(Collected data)
★ ★ ★ ★ ★ ★ ★
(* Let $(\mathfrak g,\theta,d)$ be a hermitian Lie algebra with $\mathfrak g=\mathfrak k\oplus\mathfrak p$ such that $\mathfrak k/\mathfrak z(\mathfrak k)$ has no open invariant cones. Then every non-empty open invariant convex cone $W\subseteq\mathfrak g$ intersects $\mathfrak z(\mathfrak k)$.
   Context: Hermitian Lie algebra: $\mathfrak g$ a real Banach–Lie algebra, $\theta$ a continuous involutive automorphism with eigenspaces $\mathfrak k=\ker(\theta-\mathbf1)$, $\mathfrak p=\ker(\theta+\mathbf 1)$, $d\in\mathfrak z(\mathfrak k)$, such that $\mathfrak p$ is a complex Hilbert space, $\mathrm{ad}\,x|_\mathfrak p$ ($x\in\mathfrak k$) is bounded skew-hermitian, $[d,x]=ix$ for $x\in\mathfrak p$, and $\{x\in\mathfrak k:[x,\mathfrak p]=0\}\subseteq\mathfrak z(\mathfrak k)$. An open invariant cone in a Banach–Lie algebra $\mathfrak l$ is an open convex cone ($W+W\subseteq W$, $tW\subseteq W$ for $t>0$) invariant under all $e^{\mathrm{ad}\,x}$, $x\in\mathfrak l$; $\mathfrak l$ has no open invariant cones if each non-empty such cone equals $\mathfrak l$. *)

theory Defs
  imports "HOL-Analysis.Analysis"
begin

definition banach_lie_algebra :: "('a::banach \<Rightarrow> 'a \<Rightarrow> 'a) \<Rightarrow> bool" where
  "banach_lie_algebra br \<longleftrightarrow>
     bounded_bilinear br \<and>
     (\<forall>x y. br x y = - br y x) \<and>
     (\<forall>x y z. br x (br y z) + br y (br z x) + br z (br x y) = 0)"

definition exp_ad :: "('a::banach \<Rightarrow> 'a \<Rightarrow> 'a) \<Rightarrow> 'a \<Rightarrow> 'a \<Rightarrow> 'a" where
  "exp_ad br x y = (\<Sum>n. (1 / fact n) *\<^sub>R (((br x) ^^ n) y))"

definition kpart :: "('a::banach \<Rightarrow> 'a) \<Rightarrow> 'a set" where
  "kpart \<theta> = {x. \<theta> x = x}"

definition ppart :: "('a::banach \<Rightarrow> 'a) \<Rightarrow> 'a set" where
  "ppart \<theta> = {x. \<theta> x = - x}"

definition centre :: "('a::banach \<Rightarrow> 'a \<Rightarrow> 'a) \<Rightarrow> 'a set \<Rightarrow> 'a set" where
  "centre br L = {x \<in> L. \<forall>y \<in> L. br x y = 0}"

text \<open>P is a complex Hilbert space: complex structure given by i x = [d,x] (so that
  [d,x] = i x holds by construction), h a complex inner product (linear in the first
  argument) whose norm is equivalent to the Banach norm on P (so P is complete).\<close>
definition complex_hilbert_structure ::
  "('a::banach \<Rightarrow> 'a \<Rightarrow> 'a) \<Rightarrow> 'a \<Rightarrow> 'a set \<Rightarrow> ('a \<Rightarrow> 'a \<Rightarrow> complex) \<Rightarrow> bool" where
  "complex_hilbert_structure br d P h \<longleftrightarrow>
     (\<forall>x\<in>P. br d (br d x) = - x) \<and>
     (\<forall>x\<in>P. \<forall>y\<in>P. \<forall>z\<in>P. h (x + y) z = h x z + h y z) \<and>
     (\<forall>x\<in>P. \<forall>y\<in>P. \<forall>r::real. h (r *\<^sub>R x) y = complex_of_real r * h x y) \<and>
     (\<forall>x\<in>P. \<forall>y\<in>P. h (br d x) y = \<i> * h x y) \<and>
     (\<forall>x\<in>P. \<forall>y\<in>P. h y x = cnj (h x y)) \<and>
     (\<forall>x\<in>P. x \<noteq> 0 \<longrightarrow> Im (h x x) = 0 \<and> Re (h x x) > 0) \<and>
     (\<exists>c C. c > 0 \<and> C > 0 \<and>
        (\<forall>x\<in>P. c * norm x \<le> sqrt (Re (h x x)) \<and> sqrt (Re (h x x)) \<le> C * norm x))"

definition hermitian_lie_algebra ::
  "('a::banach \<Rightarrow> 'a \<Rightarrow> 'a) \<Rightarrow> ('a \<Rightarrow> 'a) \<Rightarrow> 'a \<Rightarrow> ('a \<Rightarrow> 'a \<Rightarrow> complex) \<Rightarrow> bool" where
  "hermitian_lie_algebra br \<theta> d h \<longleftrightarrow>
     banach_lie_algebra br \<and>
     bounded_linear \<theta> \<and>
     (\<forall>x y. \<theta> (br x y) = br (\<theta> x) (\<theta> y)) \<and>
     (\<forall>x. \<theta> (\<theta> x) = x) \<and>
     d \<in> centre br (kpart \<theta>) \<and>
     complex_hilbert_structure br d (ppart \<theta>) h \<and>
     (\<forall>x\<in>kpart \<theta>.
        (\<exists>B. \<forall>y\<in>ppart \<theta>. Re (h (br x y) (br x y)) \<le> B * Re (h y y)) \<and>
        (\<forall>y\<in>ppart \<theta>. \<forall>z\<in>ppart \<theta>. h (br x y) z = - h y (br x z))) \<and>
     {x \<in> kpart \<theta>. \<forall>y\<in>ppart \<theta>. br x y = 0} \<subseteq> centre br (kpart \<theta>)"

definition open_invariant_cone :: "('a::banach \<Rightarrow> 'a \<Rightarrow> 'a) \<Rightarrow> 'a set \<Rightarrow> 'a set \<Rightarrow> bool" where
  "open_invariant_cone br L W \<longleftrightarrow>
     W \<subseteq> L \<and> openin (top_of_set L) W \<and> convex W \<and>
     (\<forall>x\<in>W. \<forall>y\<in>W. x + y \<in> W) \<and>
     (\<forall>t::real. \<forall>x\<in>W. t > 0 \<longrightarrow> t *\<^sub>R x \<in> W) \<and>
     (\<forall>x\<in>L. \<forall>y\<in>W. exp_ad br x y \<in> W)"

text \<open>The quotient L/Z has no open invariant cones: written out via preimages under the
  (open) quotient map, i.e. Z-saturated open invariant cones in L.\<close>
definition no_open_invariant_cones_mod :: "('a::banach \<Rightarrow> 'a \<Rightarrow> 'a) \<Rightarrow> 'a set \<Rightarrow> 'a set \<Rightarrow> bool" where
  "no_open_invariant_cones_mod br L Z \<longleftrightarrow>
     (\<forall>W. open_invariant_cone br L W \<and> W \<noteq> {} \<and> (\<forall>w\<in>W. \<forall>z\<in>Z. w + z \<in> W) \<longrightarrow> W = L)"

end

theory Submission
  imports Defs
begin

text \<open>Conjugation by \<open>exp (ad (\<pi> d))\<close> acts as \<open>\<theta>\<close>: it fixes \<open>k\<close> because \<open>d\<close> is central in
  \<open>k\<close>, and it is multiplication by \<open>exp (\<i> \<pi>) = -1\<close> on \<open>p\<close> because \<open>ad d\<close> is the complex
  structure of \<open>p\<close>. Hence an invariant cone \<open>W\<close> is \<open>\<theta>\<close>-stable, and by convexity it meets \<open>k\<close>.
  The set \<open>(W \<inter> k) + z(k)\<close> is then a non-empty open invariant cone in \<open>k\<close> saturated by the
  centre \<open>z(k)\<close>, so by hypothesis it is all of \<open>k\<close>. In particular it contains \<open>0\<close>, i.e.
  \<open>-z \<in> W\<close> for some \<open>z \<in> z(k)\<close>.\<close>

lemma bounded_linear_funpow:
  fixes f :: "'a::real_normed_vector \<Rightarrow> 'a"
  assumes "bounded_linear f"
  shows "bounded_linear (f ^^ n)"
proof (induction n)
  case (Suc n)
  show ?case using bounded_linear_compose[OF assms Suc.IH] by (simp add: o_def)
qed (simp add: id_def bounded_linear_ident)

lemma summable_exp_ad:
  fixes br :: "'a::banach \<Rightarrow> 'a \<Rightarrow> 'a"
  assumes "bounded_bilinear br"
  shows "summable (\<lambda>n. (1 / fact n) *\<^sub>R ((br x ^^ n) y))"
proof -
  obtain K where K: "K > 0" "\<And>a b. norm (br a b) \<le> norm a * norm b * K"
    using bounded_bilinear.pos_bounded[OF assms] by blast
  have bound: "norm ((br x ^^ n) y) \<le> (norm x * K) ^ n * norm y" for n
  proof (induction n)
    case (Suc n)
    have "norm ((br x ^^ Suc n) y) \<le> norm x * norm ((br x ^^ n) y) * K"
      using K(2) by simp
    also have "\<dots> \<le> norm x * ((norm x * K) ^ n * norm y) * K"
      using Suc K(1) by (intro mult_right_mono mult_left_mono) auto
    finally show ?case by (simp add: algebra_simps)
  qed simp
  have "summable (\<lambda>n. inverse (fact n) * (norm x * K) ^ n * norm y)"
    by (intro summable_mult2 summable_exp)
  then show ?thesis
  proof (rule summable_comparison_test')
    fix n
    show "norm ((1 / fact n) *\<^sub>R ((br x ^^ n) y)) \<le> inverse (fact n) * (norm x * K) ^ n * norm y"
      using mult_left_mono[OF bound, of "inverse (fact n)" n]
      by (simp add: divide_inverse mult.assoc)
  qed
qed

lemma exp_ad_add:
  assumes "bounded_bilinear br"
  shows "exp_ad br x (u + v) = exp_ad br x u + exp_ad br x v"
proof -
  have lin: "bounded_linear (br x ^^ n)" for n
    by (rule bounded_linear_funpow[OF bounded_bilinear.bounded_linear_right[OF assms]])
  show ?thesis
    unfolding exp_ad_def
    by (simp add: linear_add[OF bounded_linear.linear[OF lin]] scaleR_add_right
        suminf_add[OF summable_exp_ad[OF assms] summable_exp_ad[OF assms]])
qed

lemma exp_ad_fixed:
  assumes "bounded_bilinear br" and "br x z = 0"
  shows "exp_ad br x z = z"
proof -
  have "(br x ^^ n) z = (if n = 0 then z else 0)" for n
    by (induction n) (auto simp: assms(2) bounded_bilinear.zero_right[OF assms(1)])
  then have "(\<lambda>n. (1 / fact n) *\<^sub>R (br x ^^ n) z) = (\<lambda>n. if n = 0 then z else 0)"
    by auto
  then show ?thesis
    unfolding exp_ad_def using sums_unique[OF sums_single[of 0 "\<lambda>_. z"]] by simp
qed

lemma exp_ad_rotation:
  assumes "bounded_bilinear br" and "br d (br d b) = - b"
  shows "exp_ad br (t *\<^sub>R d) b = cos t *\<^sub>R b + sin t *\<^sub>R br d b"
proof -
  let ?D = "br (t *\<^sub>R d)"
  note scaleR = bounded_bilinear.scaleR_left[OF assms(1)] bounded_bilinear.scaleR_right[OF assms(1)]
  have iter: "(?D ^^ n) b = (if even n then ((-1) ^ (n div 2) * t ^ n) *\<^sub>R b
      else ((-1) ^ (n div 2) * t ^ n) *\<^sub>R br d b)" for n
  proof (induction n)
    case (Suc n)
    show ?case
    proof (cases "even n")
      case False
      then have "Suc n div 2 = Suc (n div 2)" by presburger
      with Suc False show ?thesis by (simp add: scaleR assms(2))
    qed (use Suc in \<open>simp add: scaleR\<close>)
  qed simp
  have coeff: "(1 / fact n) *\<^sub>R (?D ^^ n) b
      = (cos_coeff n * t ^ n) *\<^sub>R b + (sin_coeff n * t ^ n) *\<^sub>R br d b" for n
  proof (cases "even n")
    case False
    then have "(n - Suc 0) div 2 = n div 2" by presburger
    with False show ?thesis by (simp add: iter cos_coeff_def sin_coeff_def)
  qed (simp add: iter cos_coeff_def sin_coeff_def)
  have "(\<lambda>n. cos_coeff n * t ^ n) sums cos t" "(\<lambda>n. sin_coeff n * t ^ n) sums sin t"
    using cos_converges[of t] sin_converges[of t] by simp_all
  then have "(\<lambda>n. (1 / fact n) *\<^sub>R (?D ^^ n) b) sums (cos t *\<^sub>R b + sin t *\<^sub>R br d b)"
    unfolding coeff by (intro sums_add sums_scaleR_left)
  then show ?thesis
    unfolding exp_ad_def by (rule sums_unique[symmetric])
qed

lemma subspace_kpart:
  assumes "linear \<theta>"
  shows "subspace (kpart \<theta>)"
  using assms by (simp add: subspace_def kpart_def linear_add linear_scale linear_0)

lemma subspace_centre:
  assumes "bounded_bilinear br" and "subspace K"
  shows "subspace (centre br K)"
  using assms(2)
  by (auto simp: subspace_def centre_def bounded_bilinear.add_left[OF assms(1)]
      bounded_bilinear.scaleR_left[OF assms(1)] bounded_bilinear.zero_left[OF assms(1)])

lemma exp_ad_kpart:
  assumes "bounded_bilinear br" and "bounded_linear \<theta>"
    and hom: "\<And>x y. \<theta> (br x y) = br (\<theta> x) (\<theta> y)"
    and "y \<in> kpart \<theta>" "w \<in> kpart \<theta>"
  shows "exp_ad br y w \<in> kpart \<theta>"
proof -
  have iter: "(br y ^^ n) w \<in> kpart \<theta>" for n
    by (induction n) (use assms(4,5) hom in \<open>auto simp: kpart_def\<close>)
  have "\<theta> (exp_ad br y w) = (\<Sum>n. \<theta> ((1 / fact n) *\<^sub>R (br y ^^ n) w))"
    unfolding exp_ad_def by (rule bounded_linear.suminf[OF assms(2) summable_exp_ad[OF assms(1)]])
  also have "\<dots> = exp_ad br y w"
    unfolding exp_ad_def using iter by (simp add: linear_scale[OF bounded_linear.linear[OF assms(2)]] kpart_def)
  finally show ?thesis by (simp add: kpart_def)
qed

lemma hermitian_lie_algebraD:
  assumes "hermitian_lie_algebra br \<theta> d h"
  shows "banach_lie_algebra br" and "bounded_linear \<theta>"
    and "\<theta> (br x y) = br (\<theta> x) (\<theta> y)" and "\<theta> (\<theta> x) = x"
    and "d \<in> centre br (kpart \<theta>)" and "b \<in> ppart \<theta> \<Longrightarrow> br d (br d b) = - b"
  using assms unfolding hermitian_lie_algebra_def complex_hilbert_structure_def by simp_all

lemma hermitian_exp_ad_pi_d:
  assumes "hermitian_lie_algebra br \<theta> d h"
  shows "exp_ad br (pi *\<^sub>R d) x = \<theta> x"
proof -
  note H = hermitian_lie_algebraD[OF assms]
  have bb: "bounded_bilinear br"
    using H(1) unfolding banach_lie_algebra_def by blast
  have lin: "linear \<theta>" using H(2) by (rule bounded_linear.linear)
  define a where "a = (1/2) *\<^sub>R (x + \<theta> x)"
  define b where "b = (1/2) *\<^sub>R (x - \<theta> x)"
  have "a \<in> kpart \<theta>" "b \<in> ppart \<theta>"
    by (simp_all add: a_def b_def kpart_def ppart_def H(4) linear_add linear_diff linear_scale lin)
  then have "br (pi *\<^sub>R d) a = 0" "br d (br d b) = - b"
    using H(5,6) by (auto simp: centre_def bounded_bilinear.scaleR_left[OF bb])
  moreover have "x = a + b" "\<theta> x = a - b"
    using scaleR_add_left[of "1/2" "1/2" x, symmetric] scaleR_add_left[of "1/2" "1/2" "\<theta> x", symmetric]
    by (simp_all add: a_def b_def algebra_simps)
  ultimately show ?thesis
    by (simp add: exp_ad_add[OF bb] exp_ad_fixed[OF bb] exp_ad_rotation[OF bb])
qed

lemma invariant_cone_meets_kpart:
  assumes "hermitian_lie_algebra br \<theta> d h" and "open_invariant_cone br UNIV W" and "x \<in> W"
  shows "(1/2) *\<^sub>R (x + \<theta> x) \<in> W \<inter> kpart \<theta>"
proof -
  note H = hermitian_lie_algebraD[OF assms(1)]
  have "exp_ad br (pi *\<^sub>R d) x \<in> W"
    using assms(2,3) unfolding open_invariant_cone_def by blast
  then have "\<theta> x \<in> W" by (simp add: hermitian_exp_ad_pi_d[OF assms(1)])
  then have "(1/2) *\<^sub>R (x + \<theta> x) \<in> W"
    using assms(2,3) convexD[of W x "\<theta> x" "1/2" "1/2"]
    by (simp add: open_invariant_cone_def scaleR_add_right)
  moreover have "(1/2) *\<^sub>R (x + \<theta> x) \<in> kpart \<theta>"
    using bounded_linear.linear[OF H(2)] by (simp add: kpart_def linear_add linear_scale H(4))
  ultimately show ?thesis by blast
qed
★ ★ ★ ★ ★ ★ ★
Above are records; repeat only the lines starting at the line with "(\<exists>B. \<forall>y\<in>ppart \<theta>." and ending at the line with "text \<open>The quotient", exactly as they appear, both included.

        (\<exists>B. \<forall>y\<in>ppart \<theta>. Re (h (br x y) (br x y)) \<le> B * Re (h y y)) \<and>
        (\<forall>y\<in>ppart \<theta>. \<forall>z\<in>ppart \<theta>. h (br x y) z = - h y (br x z))) \<and>
     {x \<in> kpart \<theta>. \<forall>y\<in>ppart \<theta>. br x y = 0} \<subseteq> centre br (kpart \<theta>)"

definition open_invariant_cone :: "('a::banach \<Rightarrow> 'a \<Rightarrow> 'a) \<Rightarrow> 'a set \<Rightarrow> 'a set \<Rightarrow> bool" where
  "open_invariant_cone br L W \<longleftrightarrow>
     W \<subseteq> L \<and> openin (top_of_set L) W \<and> convex W \<and>
     (\<forall>x\<in>W. \<forall>y\<in>W. x + y \<in> W) \<and>
     (\<forall>t::real. \<forall>x\<in>W. t > 0 \<longrightarrow> t *\<^sub>R x \<in> W) \<and>
     (\<forall>x\<in>L. \<forall>y\<in>W. exp_ad br x y \<in> W)"

text \<open>The quotient L/Z has no open invariant cones: written out via preimages under the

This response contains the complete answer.